Mahkemece yapılması gereken, yukarıda açıklanan ilkeler ışığında, davalılar … ile … İnş. Tah. Tur. Zir. Ür. Teks. Tic. ve Paz. Ltd. Şti. arasında asıl işveren taşeron ilişkisinin varlığını araştırmak, bulunmadığı kanaatine varıldığı takdirde, davalı … yönünden 506 sayılı Yasanın 26/2 maddesi kapsamında araştırma yapmak, varılan sonuca göre gerektiğinde yeniden kusur incelemesi yaptırmaktır. ..….” hususları belirtilmiştir.
Mahkemece bozma sonrasında, Dairemizin bozma ilamını karşılamaya yetersiz bulunan bilirkişi raporuna dayalı olarak, verilen ilk hükümle, aynı doğrultuda ve aynı gerekçelerle davanın davalılardan … yönünden reddine, diğer davalılar yönlerinden kabulüne karar verildiği anlaşılmıştır.

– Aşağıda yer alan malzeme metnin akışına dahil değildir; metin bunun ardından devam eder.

lemma phi_integral:
  assumes f: "\<forall>t>0. f differentiable (at t) \<and> deriv f differentiable (at t)"
    and t: "0 < t" and \<tau>: "0 < \<tau>" "\<tau> \<le> 1" "\<tau> \<le> t"
  shows "((\<lambda>\<omega>. phi \<omega> t / \<omega> ^ 3 * deriv (deriv f) ((1 - \<omega>) / \<omega>))
           has_integral f t - f 1 - (t - 1) * deriv f \<tau>) {0..1 / (1 + \<tau>)}"
proof -
  define T where "T = max 1 t"
  define a where "a = 1 / (1 + T)"
  define b where "b = 1 / (1 + \<tau>)"
  have T: "1 \<le> T" "t \<le> T"
    by (simp_all add: T_def)
  have ab: "0 < a" "a \<le> 1 / 2" "1 / 2 \<le> b" "b < 1" "(1 - a) / a = T" "(1 - b) / b = \<tau>"
    using T \<tau> by (simp_all add: a_def b_def field_simps)
  have "((\<lambda>\<omega>. phi \<omega> t / \<omega> ^ 3 * deriv (deriv f) ((1 - \<omega>) / \<omega>)) has_integral 0) {0..a}"
  proof (rule has_integral_is_0)
    fix \<omega>
    assume "\<omega> \<in> {0..a}"
    then have "\<omega> * (1 + t) \<le> a * (1 + T)"
      using T t by (intro mult_mono) auto
    also have "\<dots> = 1"
      using T by (simp add: a_def)
    finally have "phi \<omega> t = 0"
      using \<open>\<omega> \<in> {0..a}\<close> ab by (intro phi_eq_0) auto
    then show "phi \<omega> t / \<omega> ^ 3 * deriv (deriv f) ((1 - \<omega>) / \<omega>) = 0"
      by simp
  qed
  moreover note has_integral_phi_kernel_primitive[OF f t ab(1) _ ab(4)]
  ultimately have "((\<lambda>\<omega>. phi \<omega> t / \<omega> ^ 3 * deriv (deriv f) ((1 - \<omega>) / \<omega>)) has_integral
                     0 + (phi_kernel_primitive f t T - phi_kernel_primitive f t \<tau>)) {0..b}"
    using ab by (intro has_integral_combine) auto
  then show ?thesis
    using T \<tau> by (simp add: b_def phi_kernel_primitive_at_top phi_kernel_primitive_at_bot)
qed
(* Fix a positive integer $n$, $\delta>0$, $\eta_0\in(0,1)$, $\lambda>0$, and $\epsilon_{\text{cov}},\epsilon_{\text{rel}}\in(0,1)$. Let the transmittance be deterministic, $\eta=\eta_0$, and let $\overline{n}_B\sim\mathrm{Exp}(\lambda)$ (density $\lambda e^{-\lambda x}$, $x\ge0$). Consider the risk-constrained program \[ \max_{q,R}\; qR \quad\text{s.t.}\quad \mathbb{P}\!\left[q>\tfrac{2\delta}{\sqrt{n}}\,c_{\text{cov}}(\eta_0,\overline{n}_B)\right]\le\epsilon_{\text{cov}},\quad \mathbb{P}\!\left[R>R_{\text{ach}}(\eta_0,\overline{n}_B)\right]\le\epsilon_{\text{rel}},\quad 0\le q\le1,\ 0\le R\le1. \] Then its optimum is $(q^*,R^* )=(q_{\max},R_{\max})$ with \[ q_{\max}=\min\!\left\{1,\ \frac{2\delta}{\sqrt n}\,k\sqrt{\frac{Z^2-1}{4\eta_0}}\right\},\qquad R_{\max}=\Big[1-H\big(\vec p(\eta_0,-\tfrac1\lambda\ln\epsilon_{\text{rel}})\big)\Big]^+, \] where $k=\dfrac{\sqrt{2\eta_0}}{1-\eta_0}$ and $Z=1-\dfrac{2\eta_0}{\lambda}\ln(1-\epsilon_{\text{cov}})$.
   Context: Definitions: for $\eta\in(0,1)$ and $\overline{n}_B\ge0$, $c_{\text{cov}}(\eta,\overline{n}_B)=\dfrac{\sqrt{2\eta\overline{n}_B(1+\eta\overline{n}_B)}}{1-\eta}$; $p(\eta,\overline{n}_B)=1-\dfrac{\eta}{[1+(1-\eta)\overline{n}_B]^4}$; $\vec p(\eta,\overline{n}_B)=(1-\tfrac{3p}{4},\tfrac p4,\tfrac p4,\tfrac p4)$; $H(\vec p)=-\sum_i p_i\log_2p_i$ (with $0\log0=0$); $R_{\text{ach}}(\eta,\overline{n}_B)=(1-H(\vec p(\eta,\overline{n}_B)))^+$ with $(x)^+=\max(x,0)$. Probabilities are over the randomness of $\overline{n}_B$. *)

theory Defs
  imports "HOL-Probability.Probability"
begin

definition c_cov :: "real \<Rightarrow> real \<Rightarrow> real" where
  "c_cov \<eta> nB = sqrt (2 * \<eta> * nB * (1 + \<eta> * nB)) / (1 - \<eta>)"

definition p_dep :: "real \<Rightarrow> real \<Rightarrow> real" where
  "p_dep \<eta> nB = 1 - \<eta> / (1 + (1 - \<eta>) * nB) ^ 4"

definition p_vec :: "real \<Rightarrow> real \<Rightarrow> real list" where
  "p_vec \<eta> nB = (let p = p_dep \<eta> nB in [1 - 3 * p / 4, p / 4, p / 4, p / 4])"

definition entropy :: "real list \<Rightarrow> real" where
  "entropy ps = - sum_list (map (\<lambda>x. if x = 0 then 0 else x * log 2 x) ps)"

definition R_ach :: "real \<Rightarrow> real \<Rightarrow> real" where
  "R_ach \<eta> nB = max (1 - entropy (p_vec \<eta> nB)) 0"

end

theory Submission
  imports Defs
begin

Bozma sonrası hükme esas alınan bilirkişi kusur raporunda, … Genel Müdürlüğünün işin ihale makamı olduğundan bahisle, kusurunun olmadığının belirtilmesi suretiyle, bozma öncesi hükme esas alınan bilirkişi kusur raporunu tekrarla aynı gerekçelere yer verilerek, … Genel Müdürlüğü ile … İnş. Tah. Tur. Zir. Ür. Teks. Tic. ve Paz. Ltd. Şti. arasındaki asıl işveren-alt işveren ilişkisine yönelik, yeterli irdeleme yapılmadığı anlaşılmakla ise de; dosya kapsamındaki kayıt ve belgelerden, davalılardan … Genel Müdürlüğünün asıl işveren olduğunun belirgin olduğunun anlaşılması karşısında, bu konuda yeniden kusur tespiti yaptırılarak ve elde edilecek sonuca göre hüküm kurulmalıdır.
Bu maddi ve hukuki esaslar göz önünde tutulmaksızın, eksik inceleme sonucunda yazılı şekilde hüküm kurulması, usul ve yasaya aykırı olup, bozma nedenidir.
O halde, davacı Kurum vekilinin bu yönleri amaçlayan temyiz itirazları kabul edilmeli ve hüküm bozulmalıdır.
SONUÇ: Temyiz edilen hükmün yukarıda açıklanan nedenlerle BOZULMASINA, 30.10.2018 gününde oybirliğiyle karar verildi.